А. И. Косовский - сослуживец Рылеева по конно-артилерийской роте, который убеждал его оставить вольнолюбивые мечтания и навсегда поселиться в Острогожске.

К временщику
(Подражание Персиевой сатире «К Рубеллию»)

Надменный временщик, и подлый и коварный,
Монарха хитрый льстец и друг неблагодарный,
Неистовый тиран родной страны своей,
Взнесённый в важный сан пронырствами злодей!
Ты на меня взирать с презрением дерзаешь
И в грозном взоре мне свой ярый гнев являешь!
Твоим вниманием не дорожу, подлец;
Из уст твоих хула - достойных хвал венец!
Смеюсь мне сделанным тобой уничиженьем!
Могу ль унизиться твоим пренебреженьем,
Коль сам с презрением я на тебя гляжу
И горд, что чувств твоих в себе не нахожу?
Что сей кимвальный звук
                        твоей мгновенной славы?
Что власть ужасная и сан твой величавый?
Ах! лучше скрыть себя в безвестности простой,
Чем с низкими страстьми и подлою душой
Себя, для строгого своих сограждан взора,
На суд их выставлять, как будто для позора!
Когда во мне, когда нет доблестей прямых,
Что пользы в сане мне и в почестях моих?
Не сан, не род - одни достоинства почтенны;
Сеян! и самые цари без них - презренны;
И в Цицероне мной не консул - сам он чтим,
За то что им спасён от Катилины Рим…
О муж, достойный муж! почто не можешь, снова
Родившись, сограждан спасти от рока злого?
Тиран, вострепещи! родиться может он,
Иль Кассий, или Брут, иль враг царей Катон!
О, как на лире я потщусь того прославить,
Отечество моё кто от тебя избавит!
Под лицемерием ты мыслишь, может быть,
От взора общего причины зла укрыть…
Не зная о своём ужасном положенье,
Ты заблуждаешься в несчастном ослепленье;
Как ни притворствуешь и как ты ни хитришь,
Но свойства злобные души не утаишь:
Твои дела тебя изобличат народу;
Познает он - что ты стеснил его свободу,
Налогом тягостным довёл до нищеты,
Селения лишил их прежней красоты…
Тогда вострепещи, о временщик надменный!
Народ тиранствами ужасен разъяренный!
Но если злобный рок, злодея полюбя,
От справедливой мзды и сохранит тебя,
Всё трепещи, тиран! За зло и вероломство
Тебе свой приговор произнесёт потомство!

[1820]


Направлено против всесильного фаворита Александра I графа Аракчеева (1769 — 1834). По словам Н.А.Бестужева, «это был первый удар, нанесённый Рылеевым самодержавию».

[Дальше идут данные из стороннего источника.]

theorem theorem3p12:
  fixes \<Gamma> :: "'a set"
  assumes "uncountable \<Gamma>"
  shows "\<not> (\<exists>S. overcomplete (l1_space \<Gamma>) (l1_dist \<Gamma>) S)"
proof
  assume "\<exists>S. overcomplete (l1_space \<Gamma>) (l1_dist \<Gamma>) S"
  then obtain S where S: "S \<subseteq> l1_space \<Gamma>" "card_eq_dens (l1_space \<Gamma>) (l1_dist \<Gamma>) S"
    and dense: "\<And>\<Lambda>. \<Lambda> \<subseteq> S \<Longrightarrow> |\<Lambda>| =o |S| \<Longrightarrow> linearly_dense (l1_space \<Gamma>) (l1_dist \<Gamma>) \<Lambda>"
    unfolding overcomplete_def by blast
  have "|S| \<le>o |\<Gamma>|"
    using assms countable_finite S(2) by (intro card_of_le_dens_l1_space) auto
  then obtain \<Lambda> where "\<Lambda> \<subseteq> S" "|\<Lambda>| =o |S|" "\<not> linearly_dense (l1_space \<Gamma>) (l1_dist \<Gamma>) \<Lambda>"
    using exists_large_not_linearly_dense_subset[OF assms S(1)] by blast
  with dense show False
    by blast
qed

end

Кимвальный звук. Кимвалы - музыкальный инструмент (тарелки).

Сеян (I в.) - префект преторианской гвардии в Риме; был казнён за подготовку заговора против императора Тиберия.

Цицерон (106-43 до н. э.) – римский оратор, разоблачил заговор Катилины (106-62 до н. э.) против республики.

Кассий Гай (ум. 41 до н. э.) - ближайший сподвижник Брута в борьбе за восстановление республики в Древнем Риме.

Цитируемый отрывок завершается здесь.